Fire and population dynamics of woody plants in a neotropical savanna: matrix model projections

INTRODUCTION

Humans have had a large impact on fire regimes of tropical savannas. At present, the moist savannas of Australia, Africa, Asia, and South America commonly burn at intervals of 1-3 yr (Eiten and Goodland 1979, Lacey et al. 1982, Trollope 1984, Coutinho 1990, Stott 1990, Menaut et al. 1991, Russell-Smith et al. 1997), primarily due to anthropogenic causes. There is little doubt that burning would be less frequent in the absence of humans, although it is uncertain what range of fire frequencies are natural for such savannas. In the savannas of the Brazilian cerrado, it has been estimated that burning intervals ranged from 3-10 yr under indigenous occupation (Ratter et al. 1973, Eiten 1975, Eiten and Goodland 1979).

Predicting the long-term effects of humans on savanna diversity and structure will require an understanding of the effects of fire on woody plants. Woody cover plays an important role in nutrient cycling (Kellman 1979, Belsky et al. 1989, Isichei and Muoghalu 1992, Mordelet et al. 1993, Archer 1995), soil carbon storage (Belsky et al. 1989, Weltzin and Coughenour 1990, Dunham 1991, Garcia-Miragaya et al. 1994, Scholes and Archer 1997), seedling establishment (Kellman and Miyanishi 1982, Kellman 1985, Bowman and Panton 1993, Hoffmann 1996a), and the distribution of animals (Dall'Aglio 1992, Alho 1994), so changes in woody plant density can have widespread effects on savanna ecology. However, predicting the effects of fire on woody-plant dynamics is complicated by the need to consider interspecific variability in fire sensitivity, as well as temporal variation in fire frequency.

The difficulty in predicting the effects of burning on populations is largely due to the complexity of fire effects. Fire simultaneously affects sexual reproduction, vegetative reproduction, seedling establishment, individual size, growth, and mortality. These effects interact to alter the growth rate of a population, complicating attempts to determine which plant traits are most important for determining success or failure under a particular fire regime. Matrix population models are a valuable tool for predicting population responses to burning and for determining which demographic traits are critical for long-term success in frequently burned savannas (Silva et al. 1991, Canales et al. 1994, Caswell and Kaye 1996). In this paper, I use matrix population models to address the following questions for five species of woody plants of the savannas of the Brazilian cerrado:

How does fire frequency affect the population growth rate of woody plants of the cerrado? - The relationship between fire frequency and population growth rate will determine whether a species will decline toward extinction or become abundant under a particular fire regime. The range of fire frequencies that permit positive population growth is particularly important, as this will determine how well a species can cope with long-term changes in fire frequency. If each species is able to persist only under a narrow range of fire frequencies, we would expect large shifts in species composition in response to changes in fire frequency. However, if many cerrado species are able to maintain relatively stable populations under a wide range of fire frequencies, we should expect high ecosystem resilience (sensu Holling 1973).
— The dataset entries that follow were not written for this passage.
(* For every deterministic parity automaton $\mathcal{A}=(Q,Q_0,\delta,\mu)$ with $m$ colors over a finite alphabet $\Sigma$, every bound $n\in\mathbb{N}$ and every $m'$ with $0<m'<m$, there is a deterministic parity automaton $\mathcal{A}'$ with $m'$ colors and $(n\cdot|Q|+1)\cdot|Q|\cdot(m-m'+2)$ states such that $L(\mathcal{A}')\subseteq L(\mathcal{A})$ and $L_n(L(\mathcal{A}'))=L_n(L(\mathcal{A}))$.
   Context: A lasso of length $n$ is a pair $(u,v)$ with $u\in\Sigma^*$, $v\in\Sigma^+$, $|u\cdot v|=n$, inducing $u\cdot v^\omega$. For $\psi\subseteq\Sigma^\omega$, $L_n(\psi)=\{u\cdot v^\omega \in \psi \mid u\in\Sigma^*, v\in\Sigma^+, |u\cdot v|=n\}$. A parity automaton is $(Q,Q_0,\delta,\mu)$ with finite $Q$, $Q_0\subseteq Q$, $\delta:Q\times\Sigma\to\mathcal{P}(Q)$, coloring $\mu$; "with $m$ colors" means $\mu:Q\to\{0,\dots,m-1\}$. A run on $\alpha_1\alpha_2\cdots$ is $q_0q_1\cdots$ with $q_0\in Q_0$ and $q_{i+1}\in\delta(q_i,\alpha_{i+1})$; it is accepting if the highest color occurring infinitely often along it is even; $L(\cdot)$ is the set of words with an accepting run. Deterministic means $|Q_0|=1$ and $|\delta(q,\alpha)|\le1$ for all $q,\alpha$ (missing successors allowed). *)

theory Defs
  imports Main "HOL-Library.Omega_Words_Fun"
begin

record ('q, 'a) pa =
  states :: "'q set"
  init   :: "'q set"
  trans  :: "'q \<Rightarrow> 'a \<Rightarrow> 'q set"
  color  :: "'q \<Rightarrow> nat"

definition parity_automaton :: "('q, 'a) pa \<Rightarrow> nat \<Rightarrow> bool" where
  "parity_automaton A m \<longleftrightarrow>
     finite (states A) \<and> init A \<subseteq> states A \<and>
     (\<forall>q\<in>states A. \<forall>a. trans A q a \<subseteq> states A) \<and>
     (\<forall>q\<in>states A. color A q < m)"

definition deterministic :: "('q, 'a) pa \<Rightarrow> bool" where
  "deterministic A \<longleftrightarrow>
     card (init A) = 1 \<and> (\<forall>q\<in>states A. \<forall>a. card (trans A q a) \<le> 1)"

text \<open>Run on the word w = w 0, w 1, ... (w i is the letter alpha_(i+1)).\<close>
definition is_run :: "('q, 'a) pa \<Rightarrow> 'a word \<Rightarrow> 'q word \<Rightarrow> bool" where
  "is_run A w r \<longleftrightarrow> r 0 \<in> init A \<and> (\<forall>i. r (Suc i) \<in> trans A (r i) (w i))"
How does fire frequency affect the mean individual size? - Within a species, individual size may span several orders of magnitude. Even if burning were to have little effect on population size, shifts in the size distribution can have large effects on the physical structure of cerrado vegetation. Understanding the long-term effects of burning upon woody cover may be just as valuable as understanding the effects upon numbers of individuals.

Is there a trade-off between fire tolerance and success in unburned conditions? - Species in fire-prone ecosystems exhibit a diversity of adaptations to burning, such as large carbohydrate reserves (Miyanishi and Kellman 1986, Bowen and Pate 1993, Bell et al, 1996) and thick bark (Landers 1991). Such traits require resources that could otherwise be allocated for reproduction or resource capture, so they may limit population growth in the absence of fire. I hypothesized that there is a negative relationship between success under frequent burning and success under protection from fire.

Which demographic parameters contribute most to the overall effect of burning on population growth? - Fire has an impact on all components of the life cycle of the study species, thus changing the population growth rate. We do not know which demographic parameters contribute most to this change in the population growth rate. A large effect of fire upon a particular demographic parameter cannot be taken as proof that the population growth rate will be greatly affected. The impact upon population growth rate also depends upon the sensitivity of the population growth rate to changes in the particular demographic parameter.